On April 21 the Corps linked up with the 13th Army's 24th Rifle Corps in the Neu Welzow area, completing the encirclement of the German Spremberg grouping. About 5,000 men were killed in the pocket including elements of Panzer-Führerbegleitdivision, 10th SS Panzer Division Frundsberg and 21st Panzer Division, plus 30 tanks and assault guns destroyed. Over the next two days a German force based on elements of 17th and 4th Panzer Armies launched a counteroffensive which broke through the 52nd Army's front along its boundary with the 2nd Polish Army and continued north in the general direction of Spremberg. To counter this effort, Konev ordered Zhadov to use the 33rd Guards Corps and the 14th Guards Division to attack towards Losa and Ugist (north of Bautzen) and reestablish contact with the Poles. This effort brought the German attack to a halt by the end of April 24. In the course of this complicated fighting the 118th was transferred back to the 34th Guards Corps.

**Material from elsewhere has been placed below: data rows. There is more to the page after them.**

lemma is_lub_in_prod_discrete_iff:
  assumes "D \<noteq> {}"
  shows "is_lub_in (S \<times> Q) (prod_discrete_le r) (D \<times> {q}) (d, q') \<longleftrightarrow>
           q' = q \<and> q \<in> Q \<and> is_lub_in S r D d"
proof
  assume lub: "is_lub_in (S \<times> Q) (prod_discrete_le r) (D \<times> {q}) (d, q')"
  then have "q' = q" "q \<in> Q" "d \<in> S" "\<forall>y\<in>D. r y d"
    using assms unfolding is_lub_in_def by auto
  moreover have "r d z" if "z \<in> S" "\<forall>y\<in>D. r y z" for z
    using lub that \<open>q \<in> Q\<close> unfolding is_lub_in_def by force
  ultimately show "q' = q \<and> q \<in> Q \<and> is_lub_in S r D d"
    unfolding is_lub_in_def by blast
qed (use assms in \<open>auto simp: is_lub_in_def\<close>)

lemma dcpo_on_prod_discrete:
  assumes "dcpo_on S r"
  shows "dcpo_on (S \<times> Q) (prod_discrete_le r)"
  unfolding dcpo_on_def
proof (intro conjI allI impI)
  show "partial_order_on (S \<times> Q) (prod_discrete_le r)"
    using assms partial_order_on_prod_discrete unfolding dcpo_on_def by blast
  fix D assume "directed_in (S \<times> Q) (prod_discrete_le r) D"
  then obtain D' q where D: "D = D' \<times> {q}" "q \<in> Q" "directed_in S r D'"
    unfolding directed_in_prod_discrete_iff by blast
  moreover obtain d where "is_lub_in S r D' d"
    using assms D(3) unfolding dcpo_on_def by blast
  moreover have "D' \<noteq> {}"
    using D(3) unfolding directed_in_def by blast
  ultimately have "is_lub_in (S \<times> Q) (prod_discrete_le r) D (d, q)"
    by (simp add: is_lub_in_prod_discrete_iff)
  then show "\<exists>p. is_lub_in (S \<times> Q) (prod_discrete_le r) D p" ..
qed

lemma directed_in_singleton: "partial_order_on S r \<Longrightarrow> x \<in> S \<Longrightarrow> directed_in S r {x}"
  unfolding partial_order_on_def directed_in_def by blast

lemma is_lub_in_singleton: "partial_order_on S r \<Longrightarrow> x \<in> S \<Longrightarrow> is_lub_in S r {x} x"
  unfolding partial_order_on_def is_lub_in_def by blast

lemma way_below_prod_discrete_iff:
  assumes po: "partial_order_on S r" and "x \<in> S" "q \<in> Q"
  shows "way_below (S \<times> Q) (prod_discrete_le r) (y, q') (x, q) \<longleftrightarrow> q' = q \<and> way_below S r y x"
proof
  assume wb: "way_below (S \<times> Q) (prod_discrete_le r) (y, q') (x, q)"
  have lift: "\<exists>z\<in>D. r y z \<and> q' = q"
    if "directed_in S r D" "is_lub_in S r D d" "r x d" for D d
  proof -
    have "D \<noteq> {}" using that(1) unfolding directed_in_def by blast
    then have "is_lub_in (S \<times> Q) (prod_discrete_le r) (D \<times> {q}) (d, q)"
      using that(2) \<open>q \<in> Q\<close> by (simp add: is_lub_in_prod_discrete_iff)
    moreover have "directed_in (S \<times> Q) (prod_discrete_le r) (D \<times> {q})"
      unfolding directed_in_prod_discrete_iff using that(1) \<open>q \<in> Q\<close> by blast
    ultimately show ?thesis
      using wb that(3) unfolding way_below_def by auto
  qed
  have "r x x"
    using po \<open>x \<in> S\<close> unfolding partial_order_on_def by blast
  then have "q' = q"
    using lift[OF directed_in_singleton[OF po \<open>x \<in> S\<close>] is_lub_in_singleton[OF po \<open>x \<in> S\<close>]]
    by blast
  moreover have "way_below S r y x"
    unfolding way_below_def by (blast dest: lift)
  ultimately show "q' = q \<and> way_below S r y x" ..
next
  assume "q' = q \<and> way_below S r y x"
  then have "q' = q" and wb: "way_below S r y x" by blast+
  show "way_below (S \<times> Q) (prod_discrete_le r) (y, q') (x, q)"
    unfolding way_below_def
  proof (intro allI impI)
    fix D p
    assume dir: "directed_in (S \<times> Q) (prod_discrete_le r) D"
      and lub: "is_lub_in (S \<times> Q) (prod_discrete_le r) D p"
      and le: "prod_discrete_le r (x, q) p"
    obtain D' q1 where D: "D = D' \<times> {q1}" "directed_in S r D'"
      using dir unfolding directed_in_prod_discrete_iff by blast
    then have "D' \<noteq> {}" unfolding directed_in_def by blast
    then have "snd p = q1" "is_lub_in S r D' (fst p)"
      using lub D(1) is_lub_in_prod_discrete_iff[of D' S Q r q1 "fst p" "snd p"] by simp_all
    moreover have "r x (fst p)" "q = snd p"
      using le unfolding prod_discrete_le_iff by simp_all
    ultimately obtain z where "z \<in> D'" "r y z"
      using wb D(2) unfolding way_below_def by blast
    then show "\<exists>z\<in>D. prod_discrete_le r (y, q') z"
      using D(1) \<open>q' = q\<close> \<open>q = snd p\<close> \<open>snd p = q1\<close> by auto
  qed
qed

lemma continuous_dcpo_on_prod_discrete:
  assumes "continuous_dcpo_on S r"
  shows "continuous_dcpo_on (S \<times> Q) (prod_discrete_le r)"
  unfolding continuous_dcpo_on_def
proof (intro conjI ballI)
  have dcpo: "dcpo_on S r"
    using assms unfolding continuous_dcpo_on_def by blast
  then show "dcpo_on (S \<times> Q) (prod_discrete_le r)"
    by (rule dcpo_on_prod_discrete)
  have po: "partial_order_on S r"
    using dcpo unfolding dcpo_on_def by blast
  fix p assume "p \<in> S \<times> Q"
  then obtain x q where p: "p = (x, q)" "x \<in> S" "q \<in> Q" by blast
  let ?B = "{y \<in> S. way_below S r y x}"
  have approx: "{y \<in> S \<times> Q. way_below (S \<times> Q) (prod_discrete_le r) y p} = ?B \<times> {q}"
    using way_below_prod_discrete_iff[OF po p(2,3)] p(1,3) by auto
  have "directed_in S r ?B" "is_lub_in S r ?B x"
    using assms p(2) unfolding continuous_dcpo_on_def by blast+
  moreover have "?B \<noteq> {}"
    using \<open>directed_in S r ?B\<close> unfolding directed_in_def by blast
  ultimately show
    "directed_in (S \<times> Q) (prod_discrete_le r)
       {y \<in> S \<times> Q. way_below (S \<times> Q) (prod_discrete_le r) y p}"
    "is_lub_in (S \<times> Q) (prod_discrete_le r)
       {y \<in> S \<times> Q. way_below (S \<times> Q) (prod_discrete_le r) y p} p"
    unfolding approx unfolding p(1) directed_in_prod_discrete_iff using p(3)
    by (auto simp: is_lub_in_prod_discrete_iff)
qed

lemma wpo_on_prod_discrete:
  assumes wpo: "wpo_on S r" and "finite Q"
  shows "wpo_on (S \<times> Q) (prod_discrete_le r)"
  unfolding wpo_on_def
proof (intro conjI allI impI)
  show "partial_order_on (S \<times> Q) (prod_discrete_le r)"
    using wpo partial_order_on_prod_discrete unfolding wpo_on_def by blast
  fix x :: "nat \<Rightarrow> _" assume x: "\<forall>n. x n \<in> S \<times> Q"
  have "range (\<lambda>n. snd (x n)) \<subseteq> Q"
    using x by (auto simp: mem_Times_iff)
  then have "finite (range (\<lambda>n. snd (x n)))"
    using \<open>finite Q\<close> finite_subset by blast
  then obtain n0 where N: "infinite {n. snd (x n) = snd (x n0)}"
    using pigeonhole_infinite[of "UNIV :: nat set"] by auto
  let ?e = "enumerate {n. snd (x n) = snd (x n0)}"
  have "\<forall>n. fst (x (?e n)) \<in> S"
    using x by (simp add: mem_Times_iff)
  then obtain i j where "i < j" "r (fst (x (?e i))) (fst (x (?e j)))"
    using wpo unfolding wpo_on_def by (elim conjE allE[of _ "\<lambda>n. fst (x (?e n))"]) blast
  moreover have "?e i < ?e j"
    using enumerate_mono[OF \<open>i < j\<close> N] .
  moreover have "snd (x (?e i)) = snd (x (?e j))"
    using enumerate_in_set[OF N] by simp
  ultimately show "\<exists>i j. i < j \<and> prod_discrete_le r (x i) (x j)"
    unfolding prod_discrete_le_iff by (intro exI[of _ "?e i"] exI[of _ "?e j"]) simp
qed

lemma scott_continuous_map_fst:
  "scott_continuous_map (S \<times> Q) (prod_discrete_le r) S r fst"
  unfolding scott_continuous_map_def
proof (intro conjI allI impI)
  show "fst ` (S \<times> Q) \<subseteq> S" by auto
  fix D p
  assume "directed_in (S \<times> Q) (prod_discrete_le r) D"
    and lub: "is_lub_in (S \<times> Q) (prod_discrete_le r) D p"
  then obtain D' q where D: "D = D' \<times> {q}" "directed_in S r D'"
    unfolding directed_in_prod_discrete_iff by blast
  then have "D' \<noteq> {}" unfolding directed_in_def by blast
  then show "is_lub_in S r (fst ` D) (fst p)"
    using lub D(1) by (cases p) (simp add: is_lub_in_prod_discrete_iff)
qed

definition pair_pmap :: "('s \<Rightarrow> 's option) \<Rightarrow> ('q \<Rightarrow> 'q option) \<Rightarrow> 's \<times> 'q \<Rightarrow> ('s \<times> 'q) option" where
  "pair_pmap g h = (\<lambda>(s, q). case g s of None \<Rightarrow> None
     | Some s' \<Rightarrow> (case h q of None \<Rightarrow> None | Some q' \<Rightarrow> Some (s', q')))"

lemma pair_pmap_eq_Some:
  "pair_pmap g h (s, q) = Some p \<longleftrightarrow> (\<exists>s' q'. g s = Some s' \<and> h q = Some q' \<and> p = (s', q'))"
  by (auto simp: pair_pmap_def split: option.splits)

lemma pdom_pair_pmap: "pdom (pair_pmap g h) = pdom g \<times> pdom h"
  by (auto simp: pdom_def pair_pmap_def split: option.splits)

lemma pair_pmap_apply:
  "s \<in> pdom g \<Longrightarrow> q \<in> pdom h \<Longrightarrow> pair_pmap g h (s, q) = Some (the (g s), the (h q))"
  by (auto simp: pdom_def pair_pmap_def)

During April 27–30 the German group of forces in the Görlitz area attempted to renew their counteroffensive but without success and finally went over to the defensive. From May 6–11 the 118th took part, with the rest of 1st Ukrainian Front, in the final offensive on Prague.

==Postwar==
The division ended the war north of Prague with the title 118th Rifle, Melitopol Division. (Russian: 118-я стрелковая Мелитопольская дивизия.) On June 4 the division was awarded the Order of the Red Banner for its role in the operations near Dresden in late April. The division remained under the command of General Sukhanov until it was disbanded in September 1946.